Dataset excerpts
......

text \<open>Convexity of \<open>(1 + \<delta>)\<^sup>x\<close> on \<open>[0, 1]\<close>, then \<open>w j \<le> W h j / (1 - \<gamma>)\<close>, which cancels the
  importance weight \<open>1 / h j\<close> of the estimate.\<close>
lemma total_weight_next_le:
  assumes t: "t \<in> {1..T}" and kap: "kap \<in> draws" and w: "\<forall>j\<in>{1..K}. 0 < w j"
  shows "total_weight (next_weights t w kap) \<le> total_weight w * (1 + growth_rate * round_revenue t kap)"
proof -
  let ?W = "total_weight w"
  let ?est = "revenue_estimate t w kap"
  have est_le: "w j * ?est j \<le> ?W / (1 - gam) * estimate_scale * level_revenue t kap j"
    if j: "j \<in> {1..K}" for j
  proof -
    have "w j \<le> ?W / (1 - gam) * h w j"
      using hdist_lower_bounds(1)[OF w j] total_weight_pos[OF w] gam_less_one
      by (simp add: field_simps)
    hence "w j * ?est j \<le> ?W / (1 - gam) * h w j * ?est j"
      using revenue_estimate_bounds(1)[OF t w j] by (rule mult_right_mono)
    also have "\<dots> = ?W / (1 - gam) * estimate_scale * level_revenue t kap j"
      unfolding revenue_estimate_def using hdist_pos[OF w j] by simp
    finally show ?thesis .
  qed
  have "total_weight (next_weights t w kap) = (\<Sum>j=1..K. w j * (1 + del) powr ?est j)"
    unfolding total_weight_def next_weights_eq ..
  also have "\<dots> \<le> (\<Sum>j=1..K. w j * (1 + del * ?est j))"
    using one_plus_powr_le_linear[OF del_pos] revenue_estimate_bounds[OF t w] w
    by (intro sum_mono mult_left_mono) (auto simp: less_imp_le)
  also have "\<dots> = ?W + del * (\<Sum>j=1..K. w j * ?est j)"
    unfolding total_weight_def by (simp add: algebra_simps sum.distrib sum_distrib_left)
  also have "\<dots> \<le> ?W + del * (\<Sum>j=1..K. ?W / (1 - gam) * estimate_scale * level_revenue t kap j)"
    using est_le del_pos by (intro add_left_mono mult_left_mono sum_mono) auto
  also have "\<dots> = ?W * (1 + growth_rate * round_revenue t kap)"
    unfolding growth_rate_def sum_distrib_left[symmetric] sum_level_revenue[OF kap]
    by (simp add: algebra_simps)
  finally show ?thesis .
qed

lemma ln_total_weight_next_le:
  assumes t: "t \<in> {1..T}" and kap: "kap \<in> draws" and w: "\<forall>j\<in>{1..K}. 0 < w j"
  shows "ln (total_weight (next_weights t w kap)) \<le> ln (total_weight w) + growth_rate * round_revenue t kap"
proof -
  have R: "0 \<le> growth_rate * round_revenue t kap"
    using growth_rate_pos V_bounds(1) t kap by (intro mult_nonneg_nonneg sum_nonneg) auto
  have "0 < total_weight (next_weights t w kap)"
    using w del_pos by (intro total_weight_pos) (simp add: next_weights_eq)
  hence "ln (total_weight (next_weights t w kap)) \<le> ln (total_weight w * (1 + growth_rate * round_revenue t kap))"
    using total_weight_next_le[OF assms] by simp
  also have "\<dots> = ln (total_weight w) + ln (1 + growth_rate * round_revenue t kap)"
    using total_weight_pos[OF w] R by (simp add: ln_mult)
  also have "\<dots> \<le> ln (total_weight w) + growth_rate * round_revenue t kap"
    using R by (simp add: ln_add_one_self_le_self)
  finally show ?thesis .
qed

lemma expectation_over_draws_ge:
  assumes w: "\<forall>j\<in>{1..K}. 0 < w j" and k: "k \<in> {1..K}"
    and F: "\<And>kap. kap \<in> draws \<Longrightarrow> X + L * revenue_estimate t w kap k \<le> F kap"
  shows "X + L * estimate_scale * (\<Sum>n=1..N. V t n k) \<le> (\<Sum>kap\<in>draws. draw_prob w kap * F kap)"
proof -
  have P: "0 \<le> draw_prob w kap" if "kap \<in> draws" for kap
    using that hdist_pos[OF w] by (intro prod_nonneg) (auto simp: PiE_iff less_imp_le)
  have "(\<Sum>kap\<in>draws. draw_prob w kap) = 1"
    using hdist_sum_eq_one[OF w] by (intro sum_PiE_prod_eq_one) auto
  hence "X + L * estimate_scale * (\<Sum>n=1..N. V t n k)
      = (\<Sum>kap\<in>draws. draw_prob w kap * (X + L * revenue_estimate t w kap k))"
    using expected_revenue_estimate[OF w k]
    by (simp add: algebra_simps sum.distrib sum_distrib_left[symmetric] sum_distrib_right[symmetric])
  also have "\<dots> \<le> (\<Sum>kap\<in>draws. draw_prob w kap * F kap)"
    using F P by (intro sum_mono mult_left_mono) auto
  finally show ?thesis .
qed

......

## [What the task asks]
The output should match the records above exactly, line for line.

## [Response for this exercise]
text \<open>Convexity of \<open>(1 + \<delta>)\<^sup>x\<close> on \<open>[0, 1]\<close>, then \<open>w j \<le> W h j / (1 - \<gamma>)\<close>, which cancels the
  importance weight \<open>1 / h j\<close> of the estimate.\<close>
lemma total_weight_next_le:
  assumes t: "t \<in> {1..T}" and kap: "kap \<in> draws" and w: "\<forall>j\<in>{1..K}. 0 < w j"
  shows "total_weight (next_weights t w kap) \<le> total_weight w * (1 + growth_rate * round_revenue t kap)"
proof -
  let ?W = "total_weight w"
  let ?est = "revenue_estimate t w kap"
  have est_le: "w j * ?est j \<le> ?W / (1 - gam) * estimate_scale * level_revenue t kap j"
    if j: "j \<in> {1..K}" for j
  proof -
    have "w j \<le> ?W / (1 - gam) * h w j"
      using hdist_lower_bounds(1)[OF w j] total_weight_pos[OF w] gam_less_one
      by (simp add: field_simps)
    hence "w j * ?est j \<le> ?W / (1 - gam) * h w j * ?est j"
      using revenue_estimate_bounds(1)[OF t w j] by (rule mult_right_mono)
    also have "\<dots> = ?W / (1 - gam) * estimate_scale * level_revenue t kap j"
      unfolding revenue_estimate_def using hdist_pos[OF w j] by simp
    finally show ?thesis .
  qed
  have "total_weight (next_weights t w kap) = (\<Sum>j=1..K. w j * (1 + del) powr ?est j)"
    unfolding total_weight_def next_weights_eq ..
  also have "\<dots> \<le> (\<Sum>j=1..K. w j * (1 + del * ?est j))"
    using one_plus_powr_le_linear[OF del_pos] revenue_estimate_bounds[OF t w] w
    by (intro sum_mono mult_left_mono) (auto simp: less_imp_le)
  also have "\<dots> = ?W + del * (\<Sum>j=1..K. w j * ?est j)"
    unfolding total_weight_def by (simp add: algebra_simps sum.distrib sum_distrib_left)
  also have "\<dots> \<le> ?W + del * (\<Sum>j=1..K. ?W / (1 - gam) * estimate_scale * level_revenue t kap j)"
    using est_le del_pos by (intro add_left_mono mult_left_mono sum_mono) auto
  also have "\<dots> = ?W * (1 + growth_rate * round_revenue t kap)"
    unfolding growth_rate_def sum_distrib_left[symmetric] sum_level_revenue[OF kap]
    by (simp add: algebra_simps)
  finally show ?thesis .
qed

lemma ln_total_weight_next_le:
  assumes t: "t \<in> {1..T}" and kap: "kap \<in> draws" and w: "\<forall>j\<in>{1..K}. 0 < w j"
  shows "ln (total_weight (next_weights t w kap)) \<le> ln (total_weight w) + growth_rate * round_revenue t kap"
proof -
  have R: "0 \<le> growth_rate * round_revenue t kap"
    using growth_rate_pos V_bounds(1) t kap by (intro mult_nonneg_nonneg sum_nonneg) auto
  have "0 < total_weight (next_weights t w kap)"
    using w del_pos by (intro total_weight_pos) (simp add: next_weights_eq)
  hence "ln (total_weight (next_weights t w kap)) \<le> ln (total_weight w * (1 + growth_rate * round_revenue t kap))"
    using total_weight_next_le[OF assms] by simp
  also have "\<dots> = ln (total_weight w) + ln (1 + growth_rate * round_revenue t kap)"
    using total_weight_pos[OF w] R by (simp add: ln_mult)
  also have "\<dots> \<le> ln (total_weight w) + growth_rate * round_revenue t kap"
    using R by (simp add: ln_add_one_self_le_self)
  finally show ?thesis .
qed

lemma expectation_over_draws_ge:
  assumes w: "\<forall>j\<in>{1..K}. 0 < w j" and k: "k \<in> {1..K}"
    and F: "\<And>kap. kap \<in> draws \<Longrightarrow> X + L * revenue_estimate t w kap k \<le> F kap"
  shows "X + L * estimate_scale * (\<Sum>n=1..N. V t n k) \<le> (\<Sum>kap\<in>draws. draw_prob w kap * F kap)"
proof -
  have P: "0 \<le> draw_prob w kap" if "kap \<in> draws" for kap
    using that hdist_pos[OF w] by (intro prod_nonneg) (auto simp: PiE_iff less_imp_le)
  have "(\<Sum>kap\<in>draws. draw_prob w kap) = 1"
    using hdist_sum_eq_one[OF w] by (intro sum_PiE_prod_eq_one) auto
  hence "X + L * estimate_scale * (\<Sum>n=1..N. V t n k)
      = (\<Sum>kap\<in>draws. draw_prob w kap * (X + L * revenue_estimate t w kap k))"
    using expected_revenue_estimate[OF w k]
    by (simp add: algebra_simps sum.distrib sum_distrib_left[symmetric] sum_distrib_right[symmetric])
  also have "\<dots> \<le> (\<Sum>kap\<in>draws. draw_prob w kap * F kap)"
    using F P by (intro sum_mono mult_left_mono) auto
  finally show ?thesis .
qed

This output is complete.